Grade 1: Focus on speech bubbles and reading sound effects.
  • Word Warm-up!  This time of year many first graders need a review of some basic reading skills.  Many of our sound effects are CVC words.  Before jumping into reading the whole comic, challenge students to read all the sound effects aloud.  Make it fun!  No reading robots here, what do you think "nom, nom" should really sound like?
  • Who Said That?  Four characters have speech and thought bubbles this week.  Make four teams for a choral reading activity.  When you touch Beth's speech bubble, "Team Beth" can read what she said.  This works best with mixed ability teams so strong readers can support their peers for success!  As the teacher, YOU get to read the text panels and be the narrator!
Grade 2: Focus on text panels and bigger words.
  • What Word? Prior to reading, ask students to scan the comic for words that look tricky!  Words like Thailand, Pleistocene (ply-stuh-seen) and superpowers might look daunting at first.  Take a moment and ask students what reading strategies they might use to read these tricky words.  Do the parenthetical pronunciation guides help?  Can they break the word into smaller parts?  Unpacking the tricky words ahead of time makes the subsequent reading more fun and fluent!

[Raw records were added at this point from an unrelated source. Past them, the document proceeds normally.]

(* Let $m\ge3$, $\rho=\frac12+\frac1m$, $0<\delta\le\frac\pi{m+2}$. For $x\ge0$ put $Q(x)=x^m+P(x)+\lambda$, $g=\frac{Q'(x)}{8Q(x)^{3/2}}$, $h=\frac{Q'(x)}{4Q(x)}$ and $$\begin{pmatrix}s_{11}&s_{12}\\ s_{21}&s_{22}\end{pmatrix}=\frac1{1+g^2}\begin{pmatrix}hg-g'g&-hg^2+g'\\ -hg^2-g'&-hg-g'g\end{pmatrix},$$ where $'$ denotes $d/dx$ and $Q^{3/2}$ uses the principal branch. Then for $j,k\in\{1,2\}$, $$\int_0^\infty|s_{jk}(x,\lambda)|\,dx=O\bigl(|\lambda|^{-\rho}\bigr)$$ as $\lambda\to\infty$ in $|\arg\lambda|\le\pi-\delta$, uniformly for $a$ in any compact subset of $\mathbb C^m$.
   Context: $a=(a_1,\dots,a_m)\in\mathbb C^m$ and $P(x)=a_1x^{m-1}+\dots+a_m$. *)

theory Defs
  imports "HOL-Analysis.Analysis"
begin

text \<open>Coefficient vector a = (a_1,...,a_m) is encoded as a function nat => complex;
  only the values a 1, ..., a m are used.  The space nat => complex carries the
  product topology (HOL-Analysis Function_Topology), so compactness of a set of
  coefficient functions projects to compactness in C^m.\<close>

definition Ppoly :: "nat \<Rightarrow> (nat \<Rightarrow> complex) \<Rightarrow> complex \<Rightarrow> complex" where
  "Ppoly m a z = (\<Sum>i=1..m. a i * z ^ (m - i))"

definition Qf :: "nat \<Rightarrow> (nat \<Rightarrow> complex) \<Rightarrow> complex \<Rightarrow> real \<Rightarrow> complex" where
  "Qf m a lam x = (of_real x) ^ m + Ppoly m a (of_real x) + lam"

definition gf :: "nat \<Rightarrow> (nat \<Rightarrow> complex) \<Rightarrow> complex \<Rightarrow> real \<Rightarrow> complex" where
  "gf m a lam x = vector_derivative (Qf m a lam) (at x) / (8 * (Qf m a lam x) powr (3/2))"

definition hf :: "nat \<Rightarrow> (nat \<Rightarrow> complex) \<Rightarrow> complex \<Rightarrow> real \<Rightarrow> complex" where
  "hf m a lam x = vector_derivative (Qf m a lam) (at x) / (4 * Qf m a lam x)"

definition sf :: "nat \<Rightarrow> (nat \<Rightarrow> complex) \<Rightarrow> nat \<Rightarrow> nat \<Rightarrow> complex \<Rightarrow> real \<Rightarrow> complex" where
  "sf m a j k lam x =
    (let g = gf m a lam x; h = hf m a lam x;
         g' = vector_derivative (gf m a lam) (at x) in
     (if j = 1 \<and> k = 1 then h*g - g'*g
      else if j = 1 \<and> k = 2 then - h*g^2 + g'
      else if j = 2 \<and> k = 1 then - h*g^2 - g'
      else - h*g - g'*g) / (1 + g^2))"

end

theory Submission
  imports Defs
begin

(* Put L = |lam|, W = x^m + L and E = W^(1/m), so that E^m = W and x <= E.
   If |arg lam| <= pi - delta then |x^m + lam| >= c0 (x^m + L) with c0 = sqrt((1 - cos delta)/2).
   Once L is large compared with A >= sum |a_i|, the lower-order part P(x) is at most half of
   that, so |Q| >= (c0/2) E^m and Q(x) avoids the branch cut (-inf,0] of the principal power.
   Together with |Q'| <= m(1+A) E^(m-1) and |Q''| <= m^2(1+A) E^(m-2) this gives
   |g| = O(1/(E sqrt W)) (in particular |g| <= 1/2) and |h g|, |g'| = O(1/(E^2 sqrt W)),
   hence every entry satisfies |s_jk(x)| = O(1/(E^2 sqrt W)) = O(L^(-1/2) / (x0^2 + x^2))
   with x0 = L^(1/m).  Since the integral of 1/(x0^2 + x^2) over [0,inf) is pi/(2 x0), the
   integral of |s_jk| is O(L^(-1/2 - 1/m)). *)

lemma integral_inverse_sum_squares:
  fixes c :: real assumes c: "c > 0"
  shows "set_integrable lborel {0..} (\<lambda>x. 1/(c^2+x^2))"
    "(\<integral>x\<in>{0..}. 1/(c^2+x^2) \<partial>lborel) = pi/(2*c)"
proof -
  let ?F = "\<lambda>x. arctan (x/c) / c"
  have pos: "\<And>x. c^2+x^2 > 0" using c by (simp add: add_pos_nonneg)
  have deriv: "(?F has_real_derivative 1/(c^2+x^2)) (at x)" for x
  proof -
    have "(?F has_real_derivative (1/(1+(x/c)^2)) * (1/c) / c) (at x)"
      using c by (auto intro!: derivative_eq_intros simp: divide_inverse)
    moreover have "(1/(1+(x/c)^2)) * (1/c) / c = 1/(c^2+x^2)"
    proof -
      have "c * (c^2+x^2) > 0" using c pos[of x] by simp
      then show ?thesis using c by (simp add: field_simps power2_eq_square)
    qed
    ultimately show ?thesis by simp
  qed
  have lim0: "((?F \<circ> real_of_ereal) \<longlongrightarrow> 0) (at_right 0)"
    unfolding zero_ereal_def ereal_tendsto_simps
    using c by (auto intro!: tendsto_eq_intros)
  have "LIM x at_top. inverse c * x :> at_top"
    by (rule filterlim_tendsto_pos_mult_at_top[OF tendsto_const]) (use c in \<open>auto simp: filterlim_ident\<close>)
  then have "LIM x at_top. x / c :> at_top" by (simp add: divide_inverse mult.commute)
  then have "((\<lambda>x. arctan (x/c)) \<longlongrightarrow> pi/2) at_top"
    by (rule filterlim_compose[OF tendsto_arctan_at_top])
  then have "(?F \<longlongrightarrow> (pi/2)/c) at_top"
    by (intro tendsto_divide) (use c in auto)
  then have liminf: "((?F \<circ> real_of_ereal) \<longlongrightarrow> pi/(2*c)) (at_left \<infinity>)"
    unfolding ereal_tendsto_simps by simp
  note FTC = interval_integral_FTC_nonneg[where a=0 and b=\<infinity> and F="?F"
      and f="\<lambda>x. 1/(c^2+x^2)", OF _ deriv _ _ lim0 liminf]
  have int_open: "set_integrable lborel {0<..} (\<lambda>x. 1/(c^2+x^2))"
    and "(LBINT x=0..\<infinity>. 1/(c^2+x^2)) = pi/(2*c)"
    using FTC pos by (auto simp: zero_ereal_def less_imp_le[OF pos] intro!: continuous_on_divide)
  then have val_open: "(\<integral>x\<in>{0<..}. 1/(c^2+x^2) \<partial>lborel) = pi/(2*c)"
    by (simp add: interval_lebesgue_integral_def zero_ereal_def)
  have "set_integrable lborel {0..} f = set_integrable lborel {0<..} f" for f :: "real \<Rightarrow> real"
    by (rule set_integrable_discrete_difference[where X="{0}"]) auto
  moreover have "(\<integral>x\<in>{0..}. f x \<partial>lborel) = (\<integral>x\<in>{0<..}. f x \<partial>lborel)" for f :: "real \<Rightarrow> real"
    by (rule set_integral_discrete_difference[where X="{0}"]) auto
  ultimately show "set_integrable lborel {0..} (\<lambda>x. 1/(c^2+x^2))"
    "(\<integral>x\<in>{0..}. 1/(c^2+x^2) \<partial>lborel) = pi/(2*c)"
    using int_open val_open by simp_all
qed

definition dPz :: "nat \<Rightarrow> (nat \<Rightarrow> complex) \<Rightarrow> complex \<Rightarrow> complex" where
  "dPz m a z = (\<Sum>i=1..m. a i * (of_nat (m-i) * z^(m-i-1)))"
definition ddPz :: "nat \<Rightarrow> (nat \<Rightarrow> complex) \<Rightarrow> complex \<Rightarrow> complex" where
  "ddPz m a z = (\<Sum>i=1..m. a i * (of_nat (m-i) * (of_nat (m-i-1) * z^(m-i-1-1))))"
definition Qz :: "nat \<Rightarrow> (nat \<Rightarrow> complex) \<Rightarrow> complex \<Rightarrow> complex \<Rightarrow> complex" where
  "Qz m a lam z = z^m + Ppoly m a z + lam"
definition dQz :: "nat \<Rightarrow> (nat \<Rightarrow> complex) \<Rightarrow> complex \<Rightarrow> complex" where
  "dQz m a z = of_nat m * z^(m-1) + dPz m a z"
definition ddQz :: "nat \<Rightarrow> (nat \<Rightarrow> complex) \<Rightarrow> complex \<Rightarrow> complex" where
  "ddQz m a z = of_nat m * (of_nat (m-1) * z^(m-1-1)) + ddPz m a z"
definition gz :: "nat \<Rightarrow> (nat \<Rightarrow> complex) \<Rightarrow> complex \<Rightarrow> complex \<Rightarrow> complex" where
  "gz m a lam z = dQz m a z / (8 * Qz m a lam z powr (3/2))"
definition hz :: "nat \<Rightarrow> (nat \<Rightarrow> complex) \<Rightarrow> complex \<Rightarrow> complex \<Rightarrow> complex" where
  "hz m a lam z = dQz m a z / (4 * Qz m a lam z)"
definition dgz :: "nat \<Rightarrow> (nat \<Rightarrow> complex) \<Rightarrow> complex \<Rightarrow> complex \<Rightarrow> complex" where
  "dgz m a lam z = (ddQz m a z * (8 * Qz m a lam z powr (3/2))
       - (8 * ((3/2) * Qz m a lam z powr (3/2 - 1) * dQz m a z)) * dQz m a z)
       / (8 * Qz m a lam z powr (3/2)) ^ Suc (Suc 0)"
definition sz :: "nat \<Rightarrow> (nat \<Rightarrow> complex) \<Rightarrow> complex \<Rightarrow> nat \<Rightarrow> nat \<Rightarrow> complex \<Rightarrow> complex" where
  "sz m a lam j k z =
    (let g = gz m a lam z; h = hz m a lam z; g' = dgz m a lam z in
     (if j = 1 \<and> k = 1 then h*g - g'*g
      else if j = 1 \<and> k = 2 then - h*g^2 + g'
      else if j = 2 \<and> k = 1 then - h*g^2 - g'
      else - h*g - g'*g) / (1 + g^2))"

lemma has_field_derivative_Ppoly: "(Ppoly m a has_field_derivative dPz m a z) (at z)"
  unfolding Ppoly_def[abs_def] dPz_def
  by (auto intro!: derivative_eq_intros sum.cong simp: ac_simps)

lemma has_field_derivative_dPz: "(dPz m a has_field_derivative ddPz m a z) (at z)"
  unfolding dPz_def[abs_def] ddPz_def
  by (auto intro!: derivative_eq_intros sum.cong simp: ac_simps)

lemma has_field_derivative_Qz: "(Qz m a lam has_field_derivative dQz m a z) (at z)"
  unfolding Qz_def[abs_def] dQz_def
  by (auto intro!: derivative_eq_intros has_field_derivative_Ppoly)

lemma has_field_derivative_dQz: "(dQz m a has_field_derivative ddQz m a z) (at z)"
  unfolding dQz_def[abs_def] ddQz_def
  by (auto intro!: derivative_eq_intros has_field_derivative_dPz)

text \<open>Off the branch cut of the principal power, dgz (written in the shape produced by the
  chain and quotient rules) is the derivative of gz.\<close>
lemma has_field_derivative_gz:
  assumes "Qz m a lam z \<notin> \<real>\<^sub>\<le>\<^sub>0"
  shows "(gz m a lam has_field_derivative dgz m a lam z) (at z)"
proof -
  have "((\<lambda>z. Qz m a lam z powr (3/2)) has_field_derivative
        (3/2) * Qz m a lam z powr (3/2 - 1) * dQz m a z) (at z)"
    by (rule DERIV_chain2[OF has_field_derivative_powr[OF assms] has_field_derivative_Qz])
  then show ?thesis
    unfolding gz_def[abs_def] dgz_def
    by (rule DERIV_quotient[OF has_field_derivative_dQz DERIV_cmult]) (use assms in auto)
qed

lemma Qf_eq_Qz: "Qf m a lam = (\<lambda>x. Qz m a lam (of_real x))"
  by (auto simp: Qf_def Qz_def)

lemma vector_derivative_Qf: "vector_derivative (Qf m a lam) (at x) = dQz m a (of_real x)"
  unfolding Qf_eq_Qz
  by (rule vector_derivative_at, rule has_vector_derivative_real_field, rule has_field_derivative_Qz)

lemma gf_eq_gz: "gf m a lam = (\<lambda>x. gz m a lam (of_real x))"
  by (rule ext) (simp add: gf_def gz_def vector_derivative_Qf, simp add: Qf_def Qz_def)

  • Punctuation Power!  Challenge students to color code end punctuation.  You can do this on a printed or projected comic.  Try making all the periods red like a stop sign.  Ask your students to decide what other colors to use.  Commas might be yellow as a reminder to slow down.  Could question marks be a mysterious green or blue?  Perhaps purple feels exciting and will be your class color for exclamation points!  Students are more likely to read with expression after coding the punctuation.  :-)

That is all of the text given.